Hungarian-American mathematician, aerospace engineer and physicist (1881–1963)

Theodore von Kármán ((szőllőskislaki) Kármán Tódor /hu/, May 11, 1881 – May 6, 1963) was a Hungarian-American mathematician, aerospace engineer, and physicist who worked in aeronautics and astronautics. He was responsible for crucial advances in aerodynamics characterizing supersonic and hypersonic airflow. The defined threshold of outer space is named the "Kármán line" in recognition of his work. Kármán is regarded as an outstanding aerodynamic theoretician of the 20th century.

== Early life ==
Theodore von Kármán was born into a Jewish family in Budapest, then part of Austria-Hungary, as Kármán Tódor, the son of Helene (Konn or Kohn, Kohn Ilka) and Mór Kármán. Among his ancestors were Rabbi Judah Loew ben Bezalel, who was said to be the creator of the Golem of Prague, and Rabbi Moses Kunitz, who wrote about the Zohar. His father, Mór, was a well-known educator, who reformed the Hungarian school system and founded Minta Gymnasium in Budapest. He became an influential figure and became a commissioner of the Ministry of Education, and was responsible for "planning an education of a young archduke, the Emperor's cousin". In 1907 Mór Kármán was ennobled, Theodore later described it:

To receive a predicate of nobility, my father had to be landed. Fortunately he owned a small vineyard near Budapest, so the Emperor bestowed upon him the predicate "von Szőllőskislaki" (small grape). I have shortened it to von, for even to me, a Hungarian, the full title is almost unpronounceable.

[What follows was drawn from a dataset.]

(* Let $\mathcal{D}$ and $\mathcal{X}$ be finite sets, $\mathcal{Y}=\{0,1\}$, and let $p_{D,X,Y}$ be a given joint probability mass function on $\mathcal{D}\times\mathcal{X}\times\mathcal{Y}$ (with its marginals and conditionals, e.g. $p_{X,Y}$, $p_{X,Y|D}$, regarded as given). Let $p_{Y_T}$ be a given target distribution on $\mathcal{Y}$, let $\delta:(\mathcal{X}\times\mathcal{Y})^2\to\mathbb{R}_+$ be a distortion function with $\delta((x,y),(x,y))=0$, let $\epsilon_{y,d}$, $\epsilon_{y,d_1,d_2}$, $c_{d,x,y}$ be given thresholds, let $\Delta(\cdot,\cdot)$ be a dissimilarity measure between probability distributions on $\mathcal{X}\times\mathcal{Y}$, and let $J(\cdot,\cdot)$ be a distance function between real numbers (probabilities). Consider the optimization problem over the conditional distribution (randomized mapping) $p_{\hat X,\hat Y|X,Y,D}$ from $\mathcal{D}\times\mathcal{X}\times\mathcal{Y}$ to $\mathcal{X}\times\mathcal{Y}$: \[ \min_{p_{\hat X,\hat Y|X,Y,D}} \Delta\big(p_{\hat X,\hat Y},p_{X,Y}\big) \] subject to (i) $J\big(p_{\hat Y|D}(y|d),p_{Y_T}(y)\big)\le \epsilon_{y,d}$ for all $d\in\mathcal{D}$, $y\in\{0,1\}$; (ii) $\sum_{\hat x,\hat y} p_{\hat X,\hat Y|D,X,Y}(\hat x,\hat y|d,x,y)\,\delta((x,y),(\hat x,\hat y))\le c_{d,x,y}$ for all $(d,x,y)\in\mathcal{D}\times\mathcal{X}\times\mathcal{Y}$; (iii) $p_{\hat X,\hat Y|X,Y,D}$ is a valid conditional probability distribution. Here $p_{\hat X,\hat Y}(\hat x,\hat y)=\sum_{d,x,y}p_{D,X,Y}(d,x,y)\,p_{\hat X,\hat Y|D,X,Y}(\hat x,\hat y|d,x,y)$ and $p_{\hat Y|D}(\hat y|d)=\sum_{\hat x}\sum_{x,y}p_{X,Y|D}(x,y|d)\,p_{\hat X,\hat Y|D,X,Y}(\hat x,\hat y|d,x,y)$. Then this problem is a convex (respectively quasiconvex) optimization problem if $\Delta(\cdot,\cdot)$ is convex (respectively quasiconvex) in its first argument with the second fixed and $J(\cdot,\cdot)$ is quasiconvex in its first argument with the second fixed. If constraint (i) is replaced by $J\big(p_{\hat Y|D}(y|d_1),p_{\hat Y|D}(y|d_2)\big)\le\epsilon_{y,d_1,d_2}$ for all $d_1,d_2\in\mathcal{D}$, $y\in\{0,1\}$, then the same conclusion holds provided $\Delta$ is (quasi)convex in its first argument and $J$ is jointly quasiconvex in both arguments.
   Context: $D$ denotes discriminatory (protected) variables, $X$ other features, $Y$ a binary outcome; $(\hat X,\hat Y)$ is the transformed data obtained by applying the randomized mapping $p_{\hat X,\hat Y|X,Y,D}$ to $(D,X,Y)\sim p_{D,X,Y}$, with $D$ retained unchanged. *)

theory Defs
  imports "HOL-Analysis.Analysis"
begin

Theodore had three brothers (among them Elemér Kármán) and one sister, Josephine. At age six, he could "perform large mental calculations", for example multiplication of six-digit numbers. His father discouraged Theodore's mathematical education, as he was afraid his son would be a child prodigy and a freak. He was tutored by his father and his father's former student; later he entered the Minta Gymnasium in Budapest. He won Eötvös Prize "for the best student in mathematics and science in the whole of Hungary" in his last year at Minta. (Note: von Kármán's own recollections about the prize and competition: "Selected students were kept in a closed room and given difficult mathematics problems, which demanded creative and even daring thinking. The teacher of the pupil who won the prize would gain great distinction, so the competition was keen and teachers worked hard to prepare their best students. I tried out for this prize against students of great attainments, and to my delight I managed to win. Now, I note that more than half of all the famous expatriate Hungarian scientists, and almost all the well-known ones in the United States, have won this prize.")

He studied engineering at the city's Royal Joseph Technical University (Budapest University of Technology and Economics). He graduated in 1902 with a degree in mechanical engineering, his thesis was "The motion of a heavy rod supported on its rounded end by a horizontal plane". He then served a year as an artillery cadet in the Austro-Hungarian army. In 1903-1906 he worked as an assistant at the Royal Joseph Technical University. In 1906 he moved to the German Empire and joined Ludwig Prandtl at the University of Göttingen, where he received his doctorate in 1908, for his research on "mathematical models for the buckling of large structures". He taught at Göttingen for four years. In 1913 he accepted a position as director of the Aeronautical Institute at RWTH Aachen University, a leading German university. His time at RWTH Aachen was interrupted by service in the Austro-Hungarian Army from 1915 to 1918, during World War I, when he designed the Petróczy-Kármán-Žurovec, an early helicopter.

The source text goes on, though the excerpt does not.